Segment Open

lemma znorm_eq_supnorm: "znorm w = supnorm (w - round_vec w)"
  unfolding znorm_def
proof (rule cInf_eq_minimum)
  show "supnorm (w - round_vec w) \<in> (\<lambda>k. supnorm (w - k)) ` int_vecs"
    using round_vec_int_vecs by auto
  fix x assume "x \<in> (\<lambda>k. supnorm (w - k)) ` int_vecs"
  then obtain k where k: "k \<in> int_vecs" "x = supnorm (w - k)" by auto
  show "supnorm (w - round_vec w) \<le> x"
  proof (rule supnorm_leI)
    fix i
    from k(1) obtain z where z: "k $ i = of_int z" unfolding int_vecs_def by (auto elim: Ints_cases)
    have "\<bar>(w - round_vec w) $ i\<bar> \<le> \<bar>w $ i - of_int z\<bar>"
      unfolding round_vec_def by (simp add: round_diff_minimal)
    also have "\<dots> \<le> x" using k(2) z abs_le_supnorm[of "w - k" i] by simp
    finally show "\<bar>(w - round_vec w) $ i\<bar> \<le> x" .
  qed
qed

lemma znorm_nonneg: "0 \<le> znorm w"
  by (simp add: znorm_eq_supnorm supnorm_nonneg)

lemma znorm_le_half: "znorm w \<le> 1/2"
  unfolding znorm_eq_supnorm
  by (rule supnorm_leI) (use of_int_round_abs_le in \<open>simp add: round_vec_def abs_minus_commute\<close>)

lemma znorm_leI: "(\<And>i. \<exists>z. \<bar>w $ i - of_int z\<bar> \<le> B) \<Longrightarrow> znorm w \<le> B"
  unfolding znorm_eq_supnorm
proof (rule supnorm_leI)
  fix i assume "\<And>i. \<exists>z. \<bar>w $ i - of_int z\<bar> \<le> B"
  then obtain z where "\<bar>w $ i - of_int z\<bar> \<le> B" by blast
  then show "\<bar>(w - round_vec w) $ i\<bar> \<le> B"
    using round_diff_minimal[of "w $ i" z] by (simp add: round_vec_def)
qed

lemma znorm_lessI: "(\<And>i. \<exists>z. \<bar>w $ i - of_int z\<bar> < B) \<Longrightarrow> znorm w < B"
proof -
  assume small: "\<And>i. \<exists>z. \<bar>w $ i - of_int z\<bar> < B"
  obtain i where i: "znorm w = \<bar>(w - round_vec w) $ i\<bar>"
    using supnorm_attained znorm_eq_supnorm by metis
  from small obtain z where "\<bar>w $ i - of_int z\<bar> < B" by blast
  then show ?thesis using i round_diff_minimal[of "w $ i" z] by (simp add: round_vec_def)
qed

lemma znorm1_eq: "znorm1 x = \<bar>x - of_int (round x)\<bar>"
  unfolding znorm1_def by (rule cInf_eq_minimum) (auto intro: round_diff_minimal)

lemma znorm1_le: "znorm1 x \<le> \<bar>x - of_int m\<bar>"
  by (simp add: znorm1_eq round_diff_minimal)

lemma near_integer_inner_le_znorm:
  fixes w k :: "real ^ 'n"
  assumes k: "k \<in> int_vecs" and small: "real T * \<bar>k \<bullet> w - of_int m\<bar> \<le> 1/2"
  shows "real T * \<bar>k \<bullet> w - of_int m\<bar> \<le> real CARD('n) * supnorm k * znorm (real T *\<^sub>R w)"
proof -
  define p where "p = round_vec (real T *\<^sub>R w)"
  define B where "B = real CARD('n) * supnorm k * znorm (real T *\<^sub>R w)"
  have kp: "\<bar>k \<bullet> (real T *\<^sub>R w - p)\<bar> \<le> B"
    using abs_inner_le_supnorm[of k "real T *\<^sub>R w - p"] unfolding B_def p_def znorm_eq_supnorm .
  have "real T * (k \<bullet> w - of_int m) - k \<bullet> (real T *\<^sub>R w - p) = k \<bullet> p - real T * of_int m"
    by (simp add: inner_diff_right algebra_simps)
  also have "\<dots> \<in> \<int>"
    using inner_int_vecs_Ints[OF k round_vec_int_vecs] unfolding p_def by (intro Ints_diff Ints_mult) auto
  finally have int: "real T * (k \<bullet> w - of_int m) - k \<bullet> (real T *\<^sub>R w - p) \<in> \<int>" .
  show ?thesis
  proof (cases "B < 1/2")
    case True
    have "\<bar>real T * (k \<bullet> w - of_int m)\<bar> \<le> 1/2" using small by (simp add: abs_mult)
    then have "\<bar>real T * (k \<bullet> w - of_int m) - k \<bullet> (real T *\<^sub>R w - p)\<bar> < 1"
      using kp True abs_triangle_ineq4[of "real T * (k \<bullet> w - of_int m)"] by linarith
    then have "real T * (k \<bullet> w - of_int m) = k \<bullet> (real T *\<^sub>R w - p)"
      using int Ints_nonzero_abs_less1 by force
    then show ?thesis using kp unfolding B_def by (simp add: abs_mult)
  qed (use small B_def in simp)
qed

section \<open>Dirichlet's theorem and its dual\<close>

lemma floor_scaled_frac_eq_imp_close:
  assumes "M > 0" and "\<lfloor>real M * frac a\<rfloor> = \<lfloor>real M * frac b\<rfloor>"
  shows "\<bar>frac b - frac a\<bar> < 1 / real M"
proof -
  have "\<bar>real M * frac a - real M * frac b\<bar> < 1"
    using assms(2) by (rule floor_eq_imp_diff_1)
  then have "real M * \<bar>frac b - frac a\<bar> < 1"
    by (simp add: abs_minus_commute right_diff_distrib[symmetric] abs_mult)
  then show ?thesis using assms(1) by (simp add: field_simps)
qed

lemma pigeonhole_frac_boxes:
  fixes \<alpha> :: "'a \<Rightarrow> real" and g :: "nat \<Rightarrow> 'b"
  assumes J: "finite J" and M: "M \<ge> 1" and S: "finite S" and g: "\<forall>T\<le>N. g T \<in> S"
    and card: "card S * M ^ card J \<le> N"
  shows "\<exists>T1 T2. T1 < T2 \<and> T2 \<le> N \<and> g T1 = g T2 \<and>
     (\<forall>j\<in>J. \<bar>frac (real T2 * \<alpha> j) - frac (real T1 * \<alpha> j)\<bar> < 1 / real M)"
proof -
  define box where "box T = restrict (\<lambda>j. \<lfloor>real M * frac (real T * \<alpha> j)\<rfloor>) J" for T
  define B where "B = (J \<rightarrow>\<^sub>E {0..<int M}) \<times> S"
  have "\<lfloor>real M * frac x\<rfloor> \<in> {0..<int M}" for x
    using M frac_lt_1[of x] by (simp add: frac_ge_0 floor_less_iff)
  then have sub: "(\<lambda>T. (box T, g T)) ` {0..N} \<subseteq> B"
    using g unfolding box_def B_def by (auto simp: restrict_PiE_iff)
  have "card B = M ^ card J * card S"
    using J S unfolding B_def by (simp add: card_cartesian_product card_funcsetE)
  then have "card B < card {0..N}" using card by (simp add: mult.commute)
  moreover have "finite B" using J S unfolding B_def by (simp add: finite_PiE)
  ultimately have "\<not> inj_on (\<lambda>T. (box T, g T)) {0..N}"
    using card_inj_on_le[OF _ sub] by fastforce
  then obtain T1 T2 where "T1 \<le> N" "T2 \<le> N" "T1 \<noteq> T2" "box T1 = box T2" "g T1 = g T2"
    unfolding inj_on_def by auto
  then obtain T1 T2 where T: "T1 < T2" "T2 \<le> N" "box T1 = box T2" "g T1 = g T2"
    by (metis linorder_neqE_nat)
  have "\<bar>frac (real T2 * \<alpha> j) - frac (real T1 * \<alpha> j)\<bar> < 1 / real M" if "j \<in> J" for j
    using floor_scaled_frac_eq_imp_close M fun_cong[OF T(3), of j] that unfolding box_def by simp
  then show ?thesis using T by blast
qed

lemma floor_diff_plus_frac_diff:
  assumes "T1 \<le> T2"
  shows "real (T2 - T1) * x = of_int (\<lfloor>real T2 * x\<rfloor> - \<lfloor>real T1 * x\<rfloor>)
           + (frac (real T2 * x) - frac (real T1 * x))"
  using assms by (simp add: frac_def of_nat_diff algebra_simps)

lemma dirichlet_approximation:
  fixes w :: "real ^ 'n"
  assumes M: "M \<ge> 1"
  shows "\<exists>T::nat. 1 \<le> T \<and> T \<le> M ^ CARD('n) \<and> znorm (real T *\<^sub>R w) < 1 / real M"
proof -
  obtain T1 T2 where T: "T1 < T2" "T2 \<le> M ^ CARD('n)"
    "\<forall>j. \<bar>frac (real T2 * w $ j) - frac (real T1 * w $ j)\<bar> < 1 / real M"
    using pigeonhole_frac_boxes[of "UNIV::'n set" M "{()}" "M ^ CARD('n)" "\<lambda>_. ()" "\<lambda>j. w $ j"] M
    by auto
  have "znorm (real (T2 - T1) *\<^sub>R w) < 1 / real M"
  proof (rule znorm_lessI)
    fix i
    show "\<exists>z. \<bar>(real (T2 - T1) *\<^sub>R w) $ i - of_int z\<bar> < 1 / real M"
      using T(3) floor_diff_plus_frac_diff[of T1 T2 "w $ i"] T(1)
      by (intro exI[of _ "\<lfloor>real T2 * w $ i\<rfloor> - \<lfloor>real T1 * w $ i\<rfloor>"]) auto
  qed
  then show ?thesis using T by (intro exI[of _ "T2 - T1"]) auto
qed

lemma exists_nat_inverse_bounds:
  fixes x :: real
  assumes "0 < x" "x \<le> 1/2"
  shows "\<exists>M::nat. 1 \<le> M \<and> real M \<le> 1 / x \<and> 1 / real M \<le> 2 * x"
proof -
  define M where "M = nat \<lfloor>1 / x\<rfloor>"
  have "2 \<le> 1 / x" using assms by (simp add: field_simps)
  then have "2 \<le> \<lfloor>1 / x\<rfloor>" by (simp add: le_floor_iff)
  then have "real M = of_int \<lfloor>1 / x\<rfloor>" "2 \<le> real M" unfolding M_def by linarith+
  then have M: "real M \<le> 1 / x" "1 / x < real M + 1" "2 \<le> real M"
    by linarith+
  then have "1 / x \<le> 2 * real M" by linarith
  then have "1 / real M \<le> 2 * x" using assms M(3) by (simp add: field_simps)
  then show ?thesis using M by (intro exI[of _ M]) auto
qed

lemma znorm_arbitrarily_small:
  fixes w :: "real ^ 'n"
  assumes "\<epsilon> > 0"
  shows "\<exists>T::nat. 1 \<le> T \<and> znorm (real T *\<^sub>R w) < \<epsilon>"
proof -
  obtain M :: nat where M: "1 \<le> M" "1 / real M \<le> 2 * (min \<epsilon> 1 / 2)"
    using exists_nat_inverse_bounds[of "min \<epsilon> 1 / 2"] assms by auto
  then show ?thesis using dirichlet_approximation[OF M(1), of w] by force
qed

lemma exists_small_int_combination_dvd:
  fixes p :: "'n::finite \<Rightarrow> int" and T K :: nat
  assumes T: "1 \<le> T" and TK: "T < (K + 1) ^ CARD('n)"
  shows "\<exists>v::'n \<Rightarrow> int. (\<exists>i. v i \<noteq> 0) \<and> (\<forall>i. \<bar>v i\<bar> \<le> int K) \<and> int T dvd (\<Sum>i\<in>UNIV. v i * p i)"
proof -
  define V where "V = (UNIV :: 'n set) \<rightarrow>\<^sub>E {0..int K}"
  define f where "f v = (\<Sum>i\<in>UNIV. v i * p i) mod int T" for v :: "'n \<Rightarrow> int"
  have fV: "f ` V \<subseteq> {0..<int T}" unfolding f_def using T by auto
  have "card V = card {0..int K} ^ CARD('n)" unfolding V_def by (rule card_funcsetE) simp
  also have "card {0..int K} = K + 1" by simp
  finally have "card {0..<int T} < card V" using TK by simp
  then have "\<not> inj_on f V"
    using card_inj_on_le[OF _ fV] by fastforce
  then obtain v1 v2 where v: "v1 \<in> V" "v2 \<in> V" "v1 \<noteq> v2" "f v1 = f v2"
    unfolding inj_on_def by blast
  have "int T dvd (\<Sum>i\<in>UNIV. v1 i * p i) - (\<Sum>i\<in>UNIV. v2 i * p i)"
    using v(4) unfolding f_def by (simp add: mod_eq_dvd_iff)
  then have "int T dvd (\<Sum>i\<in>UNIV. (v1 i - v2 i) * p i)"
    by (simp add: sum_subtractf left_diff_distrib)
  moreover have "\<bar>v1 i - v2 i\<bar> \<le> int K" for i
  proof -
    have "v1 i \<in> {0..int K}" "v2 i \<in> {0..int K}"
      using v(1,2) unfolding V_def by (simp_all add: PiE_iff)
    then show ?thesis by auto
  qed
  moreover have "\<exists>i. v1 i - v2 i \<noteq> 0" using v(3) by auto
  ultimately show ?thesis by (intro exI[of _ "\<lambda>i. v1 i - v2 i"]) auto
qed

lemma exists_small_dual_approximation:
  fixes w :: "real ^ 'n"
  assumes T: "1 \<le> T"
  defines "r \<equiv> real T powr (1 / real CARD('n))"
  shows "\<exists>k\<in>int_vecs. k \<noteq> 0 \<and> supnorm k \<le> r \<and>
           real T * znorm1 (k \<bullet> w) \<le> real CARD('n) * r * znorm (real T *\<^sub>R w)"
proof -
  define K where "K = nat \<lfloor>r\<rfloor>"
  have r1: "1 \<le> r" unfolding r_def using T by (intro ge_one_powr_ge_zero) auto
  have Kr: "real K \<le> r" "r < real K + 1" unfolding K_def using r1 by linarith+
  have "r ^ CARD('n) = r powr real CARD('n)" using r1 by (simp add: powr_realpow)
  also have "\<dots> = real T" unfolding r_def powr_powr by simp
  finally have "real T = r ^ CARD('n)" ..
  also have "\<dots> < (real K + 1) ^ CARD('n)" using Kr r1 by (intro power_strict_mono) auto
  finally have TK: "T < (K + 1) ^ CARD('n)" by (metis of_nat_1 of_nat_add of_nat_less_iff of_nat_power)
  then obtain v where v: "\<exists>i. v i \<noteq> 0" "\<And>i. \<bar>v i\<bar> \<le> int K"
    and "int T dvd (\<Sum>i\<in>UNIV. v i * round (real T * w $ i))"
    using exists_small_int_combination_dvd[OF T TK, where p = "\<lambda>i. round (real T * w $ i)"]
    by blast
  then obtain m where m: "(\<Sum>i\<in>UNIV. v i * round (real T * w $ i)) = int T * m"
    by (elim dvdE)
  define k :: "real ^ 'n" where "k = (\<chi> i. of_int (v i))"
  define p where "p = round_vec (real T *\<^sub>R w)"
  have k: "k \<in> int_vecs" unfolding k_def int_vecs_def by auto
  obtain i where "v i \<noteq> 0" using v(1) by blast
  then have k0: "k \<noteq> 0" unfolding k_def by (metis vec_lambda_beta zero_index of_int_eq_0_iff)
  have "supnorm k \<le> real K"
  proof (rule supnorm_leI)
    fix i
    show "\<bar>k $ i\<bar> \<le> real K"
      using v(2)[of i] unfolding k_def by (metis of_int_abs of_int_le_iff of_int_of_nat_eq vec_lambda_beta)
  qed
  then have kr: "supnorm k \<le> r" using Kr by linarith
  have "k \<bullet> p = (\<Sum>i\<in>UNIV. real_of_int (v i * round (real T * w $ i)))"
    unfolding k_def p_def round_vec_def inner_vec_def by simp
  also have "\<dots> = real T * of_int m" by (simp only: of_int_sum[symmetric] m) simp
  finally have kp: "k \<bullet> p = real T * of_int m" .
  have "real T * znorm1 (k \<bullet> w) \<le> real T * \<bar>k \<bullet> w - of_int m\<bar>"
    by (intro mult_left_mono znorm1_le) auto
  also have "\<dots> = \<bar>real T * (k \<bullet> w - of_int m)\<bar>" by (simp add: abs_mult)
  also have "\<dots> = \<bar>k \<bullet> (real T *\<^sub>R w - p)\<bar>"
    using kp by (simp add: inner_diff_right right_diff_distrib)
  also have "\<dots> \<le> real CARD('n) * supnorm k * znorm (real T *\<^sub>R w)"
    using abs_inner_le_supnorm unfolding p_def znorm_eq_supnorm .
  also have "\<dots> \<le> real CARD('n) * r * znorm (real T *\<^sub>R w)"
    using kr by (intro mult_right_mono mult_left_mono znorm_nonneg) auto
  finally have "real T * znorm1 (k \<bullet> w) \<le> real CARD('n) * r * znorm (real T *\<^sub>R w)" .
  with k k0 kr show ?thesis by (intro bexI[where x = k]) simp_all
qed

Segment Closed

Extract exactly and only the lines above from the line containing "(simp add: finite_PiE)" through the line containing "CARD('n) \<and> znorm", both end lines included.

◆ REPLY
  moreover have "finite B" using J S unfolding B_def by (simp add: finite_PiE)
  ultimately have "\<not> inj_on (\<lambda>T. (box T, g T)) {0..N}"
    using card_inj_on_le[OF _ sub] by fastforce
  then obtain T1 T2 where "T1 \<le> N" "T2 \<le> N" "T1 \<noteq> T2" "box T1 = box T2" "g T1 = g T2"
    unfolding inj_on_def by auto
  then obtain T1 T2 where T: "T1 < T2" "T2 \<le> N" "box T1 = box T2" "g T1 = g T2"
    by (metis linorder_neqE_nat)
  have "\<bar>frac (real T2 * \<alpha> j) - frac (real T1 * \<alpha> j)\<bar> < 1 / real M" if "j \<in> J" for j
    using floor_scaled_frac_eq_imp_close M fun_cong[OF T(3), of j] that unfolding box_def by simp
  then show ?thesis using T by blast
qed

lemma floor_diff_plus_frac_diff:
  assumes "T1 \<le> T2"
  shows "real (T2 - T1) * x = of_int (\<lfloor>real T2 * x\<rfloor> - \<lfloor>real T1 * x\<rfloor>)
           + (frac (real T2 * x) - frac (real T1 * x))"
  using assms by (simp add: frac_def of_nat_diff algebra_simps)

lemma dirichlet_approximation:
  fixes w :: "real ^ 'n"
  assumes M: "M \<ge> 1"
  shows "\<exists>T::nat. 1 \<le> T \<and> T \<le> M ^ CARD('n) \<and> znorm (real T *\<^sub>R w) < 1 / real M"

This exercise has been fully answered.